(* Consider the slotted content-push system described in the context, operated under a threshold-based policy with integer threshold $C_{\mathrm{thr}}$, $1\le C_{\mathrm{thr}}\le N$: in every slot $k$ with $C_k<C_{\mathrm{thr}}$ the SBS takes the push action $u_k=2$. Assume that the energy $E_p$ required for a push is always available. Then, in the stationary regime, the probability that the SBS pushes a content in a slot is $$\Pr(u_k=2)=\frac{p_c\,C_{\mathrm{thr}}}{N+p_c}.$$
   Context: Time is slotted, $k=1,2,\dots$. There are $N$ contents of interest, ranked $c_1,\dots,c_N$. The content at rank $i$ has popularity (Zipf) $f_i=\frac{i^{-v}}{\sum_{j=1}^N j^{-v}}$ with skew $v\ge 0$. In each slot, with probability $p_c\in(0,1]$, one content is selected uniformly at random (probability $1/N$ each) and removed; the contents ranked below it move up one rank, and a new content enters at rank $N$. Users store the pushed contents, which are always the $C_k$ most popular ones $c_1,\dots,c_{C_k}$, where $C_k\in\{0,\dots,N\}$ is the push state. In each slot the SBS takes an action $u_k\in\{0,1,2\}$ (sleep, unicast, push). A push transmits content $c_{C_k+1}$ to all users at energy cost $E_p$. The push state evolves as follows. If $u_k\in\{0,1\}$: $C_{k+1}=C_k-1$ with probability $p_cC_k/N$, and $C_{k+1}=C_k$ otherwise. If $u_k=2$ (only allowed when $C_k<N$): $C_{k+1}=C_k$ with probability $p_cC_k/N$, and $C_{k+1}=C_k+1$ otherwise. *)

theory Defs
  imports Complex_Main
begin

text \<open>One-slot transition probability of the push state: from state i to state j
  under action a (0 = sleep, 1 = unicast, 2 = push), with N contents and
  content-change probability pc.\<close>
definition push_trans :: "nat \<Rightarrow> real \<Rightarrow> nat \<Rightarrow> nat \<Rightarrow> nat \<Rightarrow> real" where
  "push_trans N pc a i j =
     (if a = 2 then
        (if j = i then pc * real i / real N else 0)
      + (if j = i + 1 then 1 - pc * real i / real N else 0)
      else
        (if j + 1 = i then pc * real i / real N else 0)
      + (if j = i then 1 - pc * real i / real N else 0))"

definition stationary_dist :: "nat \<Rightarrow> real \<Rightarrow> (nat \<Rightarrow> nat) \<Rightarrow> (nat \<Rightarrow> real) \<Rightarrow> bool" where
  "stationary_dist N pc u st \<longleftrightarrow>
     (\<forall>i\<le>N. st i \<ge> 0) \<and> (\<Sum>i=0..N. st i) = 1 \<and>
     (\<forall>j\<le>N. st j = (\<Sum>i=0..N. st i * push_trans N pc (u i) i j))"

end

theory Submission
  imports Defs
begin

text \<open>Under the threshold policy the chain is pushed upward from every state below
  the threshold C and only drifts downward from every state at or above it. Hence states
  below C - 1 and above C carry no stationary mass: read upward from 0 resp. downward
  from N, the balance equation at such a state says that its mass equals itself times a
  factor different from 1. The stationary distribution thus lives on C - 1 (push) and
  C (no push); equating the flows between them and using total mass 1 gives the push
  probability.\<close>

lemma push_trans_by_offset:
  "push_trans N pc a i j =
     (if i + 1 = j then (if a = 2 then 1 - pc * real i / real N else 0) else 0)
   + (if i = j then (if a = 2 then pc * real i / real N else 1 - pc * real i / real N) else 0)
   + (if i = j + 1 then (if a = 2 then 0 else pc * real i / real N) else 0)"
  unfolding push_trans_def by auto

lemma sum_if_Suc_eq:
  fixes f :: "nat \<Rightarrow> real"
  shows "(\<Sum>i=0..N. if i + 1 = j then f i else 0) = (if 0 < j \<and> j - 1 \<le> N then f (j - 1) else 0)"
proof -
  have "(\<Sum>i=0..N. if i + 1 = j then f i else 0) = (\<Sum>i=0..N. if 0 < j \<and> i = j - 1 then f i else 0)"
    by (intro sum.cong) auto
  then show ?thesis
    by (cases "0 < j") (auto simp: sum.delta)
qed

lemma inflow_push_trans:
  fixes st :: "nat \<Rightarrow> real"
  assumes "j \<le> N"
  shows "(\<Sum>i=0..N. st i * push_trans N pc (u i) i j) =
     (if 0 < j then st (j - 1) * (if u (j - 1) = 2 then 1 - pc * real (j - 1) / real N else 0) else 0)
   + st j * (if u j = 2 then pc * real j / real N else 1 - pc * real j / real N)
   + (if j < N then st (j + 1) * (if u (j + 1) = 2 then 0 else pc * real (j + 1) / real N) else 0)"
  (is "_ = ?rhs")
proof -
  have "(\<Sum>i=0..N. st i * push_trans N pc (u i) i j) =
     (\<Sum>i=0..N. if i + 1 = j then st i * (if u i = 2 then 1 - pc * real i / real N else 0) else 0)
   + (\<Sum>i=0..N. if i = j then st i * (if u i = 2 then pc * real i / real N else 1 - pc * real i / real N) else 0)
   + (\<Sum>i=0..N. if i = j + 1 then st i * (if u i = 2 then 0 else pc * real i / real N) else 0)"
    unfolding push_trans_by_offset sum.distrib[symmetric]
    by (rule sum.cong) (auto simp: algebra_simps)
  also have "\<dots> = ?rhs"
    unfolding sum_if_Suc_eq using assms by (auto simp: sum.delta)
  finally show ?thesis .
qed

lemma fixed_by_factor_ne_one_eq_zero:
  fixes x q :: real
  assumes "x = x * q" and "q \<noteq> 1"
  shows "x = 0"
  using assms by (metis mult.right_neutral mult_left_cancel)

context
  fixes N C :: nat and pc :: real and u :: "nat \<Rightarrow> nat" and st :: "nat \<Rightarrow> real"
  assumes pc_pos: "0 < pc" and pc_le_1: "pc \<le> 1"
    and C_pos: "1 \<le> C" and C_le_N: "C \<le> N"
    and threshold: "\<forall>i\<le>N. (u i = 2 \<longleftrightarrow> i < C)"
    and stationary: "stationary_dist N pc u st"
begin

lemma N_pos: "real N > 0"
  using C_pos C_le_N by simp

lemma push_iff: "i \<le> N \<Longrightarrow> u i = 2 \<longleftrightarrow> i < C"
  using threshold by blast

lemma balance:
  assumes "j \<le> N"
  shows "st j =
     (if 0 < j then st (j - 1) * (if u (j - 1) = 2 then 1 - pc * real (j - 1) / real N else 0) else 0)
   + st j * (if u j = 2 then pc * real j / real N else 1 - pc * real j / real N)
   + (if j < N then st (j + 1) * (if u (j + 1) = 2 then 0 else pc * real (j + 1) / real N) else 0)"
  using stationary assms inflow_push_trans[OF assms, of st pc u]
  unfolding stationary_dist_def by metis

lemma stationary_below_threshold_eq_zero:
  "j + 2 \<le> C \<Longrightarrow> st j = 0"
proof (induction j)
  case 0
  have "u 0 = 2" "u 1 = 2" using 0 C_le_N push_iff by auto
  then have "st 0 = st 0 * 0" using balance[of 0] 0 C_le_N by simp
  then show ?case by simp
next
  case (Suc j)
  have j_lt_N: "Suc j < N" using Suc.prems C_le_N by simp
  have "u j = 2" "u (Suc j) = 2" "u (Suc (Suc j)) = 2"
    using push_iff Suc.prems j_lt_N by auto
  with Suc j_lt_N have fixed: "st (Suc j) = st (Suc j) * (pc * real (Suc j) / real N)"
    using balance[of "Suc j"] by simp
  have "pc * real (Suc j) \<le> real (Suc j)" using pc_le_1 by (simp add: mult_left_le_one_le)
  also have "\<dots> < real N" using j_lt_N by simp
  finally have "pc * real (Suc j) / real N \<noteq> 1" using N_pos by simp
  with fixed show ?case by (rule fixed_by_factor_ne_one_eq_zero)
qed

lemma stationary_above_threshold_eq_zero:
  assumes "C < j" "j \<le> N"
  shows "st j = 0"
proof -
  have "C < j \<longrightarrow> st j = 0" using assms(2)
  proof (induction j rule: inc_induct)
    case base
    show ?case
    proof
      assume "C < N"
      then have "u (N - 1) \<noteq> 2" "u N \<noteq> 2" using push_iff by auto
      with \<open>C < N\<close> have "st N = st N * (1 - pc * real N / real N)"
        using balance[of N] by simp
      moreover have "1 - pc * real N / real N \<noteq> 1" using pc_pos N_pos by simp
      ultimately show "st N = 0" by (rule fixed_by_factor_ne_one_eq_zero)
    qed
  next
    case (step n)
    show ?case
    proof
      assume "C < n"
      then have "st (Suc n) = 0" "u (n - 1) \<noteq> 2" "u n \<noteq> 2"
        using step push_iff by auto
      with \<open>C < n\<close> step.hyps have "st n = st n * (1 - pc * real n / real N)"
        using balance[of n] by simp
      moreover have "1 - pc * real n / real N \<noteq> 1" using pc_pos N_pos \<open>C < n\<close> by simp
      ultimately show "st n = 0" by (rule fixed_by_factor_ne_one_eq_zero)
    qed
  qed
  with assms(1) show ?thesis by blast
qed

lemma stationary_concentrated:
  assumes "i \<le> N" "i \<noteq> C - 1" "i \<noteq> C"
  shows "st i = 0"
proof (cases "i < C")
  case True
  with assms show ?thesis by (intro stationary_below_threshold_eq_zero) simp
next
  case False
  with assms show ?thesis by (intro stationary_above_threshold_eq_zero) simp_all
qed

lemma sum_concentrated:
  assumes "C - 1 \<in> A" "finite A" "A \<subseteq> {0..N}"
  shows "(\<Sum>i\<in>A. st i) = st (C - 1) + (if C \<in> A then st C else 0)"
proof -
  have "(\<Sum>i\<in>A. st i) = (\<Sum>i\<in>A. (if i = C - 1 then st (C - 1) else 0) + (if i = C then st C else 0))"
    using assms C_pos stationary_concentrated by (intro sum.cong) auto
  also have "\<dots> = st (C - 1) + (if C \<in> A then st C else 0)"
    using assms by (simp add: sum.distrib sum.delta)
  finally show ?thesis .
qed

lemma stationary_at_last_push_state: "st (C - 1) = pc * real C / (real N + pc)"
proof -
  have "1 = (\<Sum>i=0..N. st i)" using stationary unfolding stationary_dist_def by argo
  also have "\<dots> = st (C - 1) + st C" using C_le_N by (subst sum_concentrated) auto
  finally have total: "st (C - 1) + st C = 1" by simp
  have "u (C - 1) = 2" "u C \<noteq> 2" using push_iff C_pos C_le_N by auto
  moreover have "C < N \<Longrightarrow> st (C + 1) = 0" by (rule stationary_above_threshold_eq_zero) simp_all
  ultimately have "st C = st (C - 1) * (1 - pc * real (C - 1) / real N) + st C * (1 - pc * real C / real N)"
    using balance[of C] C_pos C_le_N by (auto split: if_splits)
  \<comment> \<open>flow C \<rightarrow> C - 1 equals flow C - 1 \<rightarrow> C\<close>
  then have "st C * (pc * real C / real N) = st (C - 1) * (1 - pc * real (C - 1) / real N)"
    by (simp add: algebra_simps)
  then have "st C * (pc * real C) = st (C - 1) * (real N - pc * (real C - 1))"
    using N_pos C_pos by (simp add: field_simps of_nat_diff)
  moreover have "st C = 1 - st (C - 1)" using total by simp
  ultimately have "st (C - 1) * (real N + pc) = pc * real C"
    by (simp add: algebra_simps)
  then show ?thesis using N_pos pc_pos by (simp add: field_simps)
qed

lemma push_probability: "(\<Sum>i\<in>{i\<in>{0..N}. u i = 2}. st i) = pc * real C / (real N + pc)"
proof -
  have "{i\<in>{0..N}. u i = 2} = {0..<C}" using push_iff C_le_N by auto
  moreover have "(\<Sum>i\<in>{0..<C}. st i) = st (C - 1)"
    using C_pos C_le_N by (subst sum_concentrated) auto
  ultimately show ?thesis using stationary_at_last_push_state by simp
qed

end

theorem lemma1:
  fixes N Cthr :: nat and pc :: real and u :: "nat \<Rightarrow> nat" and st :: "nat \<Rightarrow> real"
  assumes "0 < pc" and "pc \<le> 1"
    and "1 \<le> Cthr" and "Cthr \<le> N"
    and "\<forall>i\<le>N. u i \<in> {0, 1, 2}"
    and "\<forall>i\<le>N. (u i = 2 \<longleftrightarrow> i < Cthr)"
    and "stationary_dist N pc u st"
  shows "(\<Sum>i\<in>{i\<in>{0..N}. u i = 2}. st i) = pc * real Cthr / (real N + pc)"
  \<comment> \<open>push_trans treats every action other than 2 alike, so the range of u is irrelevant\<close>
  using assms(1-4,6,7) by (rule push_probability)

end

# Exercise brief
Start with the line above that contains "below C - 1" and end with the line that contains "0) = (\<Sum>i=0..N.". Write out those lines exactly, and only those.

# Exercise solution
  below C - 1 and above C carry no stationary mass: read upward from 0 resp. downward
  from N, the balance equation at such a state says that its mass equals itself times a
  factor different from 1. The stationary distribution thus lives on C - 1 (push) and
  C (no push); equating the flows between them and using total mass 1 gives the push
  probability.\<close>

lemma push_trans_by_offset:
  "push_trans N pc a i j =
     (if i + 1 = j then (if a = 2 then 1 - pc * real i / real N else 0) else 0)
   + (if i = j then (if a = 2 then pc * real i / real N else 1 - pc * real i / real N) else 0)
   + (if i = j + 1 then (if a = 2 then 0 else pc * real i / real N) else 0)"
  unfolding push_trans_def by auto

lemma sum_if_Suc_eq:
  fixes f :: "nat \<Rightarrow> real"
  shows "(\<Sum>i=0..N. if i + 1 = j then f i else 0) = (if 0 < j \<and> j - 1 \<le> N then f (j - 1) else 0)"
proof -
  have "(\<Sum>i=0..N. if i + 1 = j then f i else 0) = (\<Sum>i=0..N. if 0 < j \<and> i = j - 1 then f i else 0)"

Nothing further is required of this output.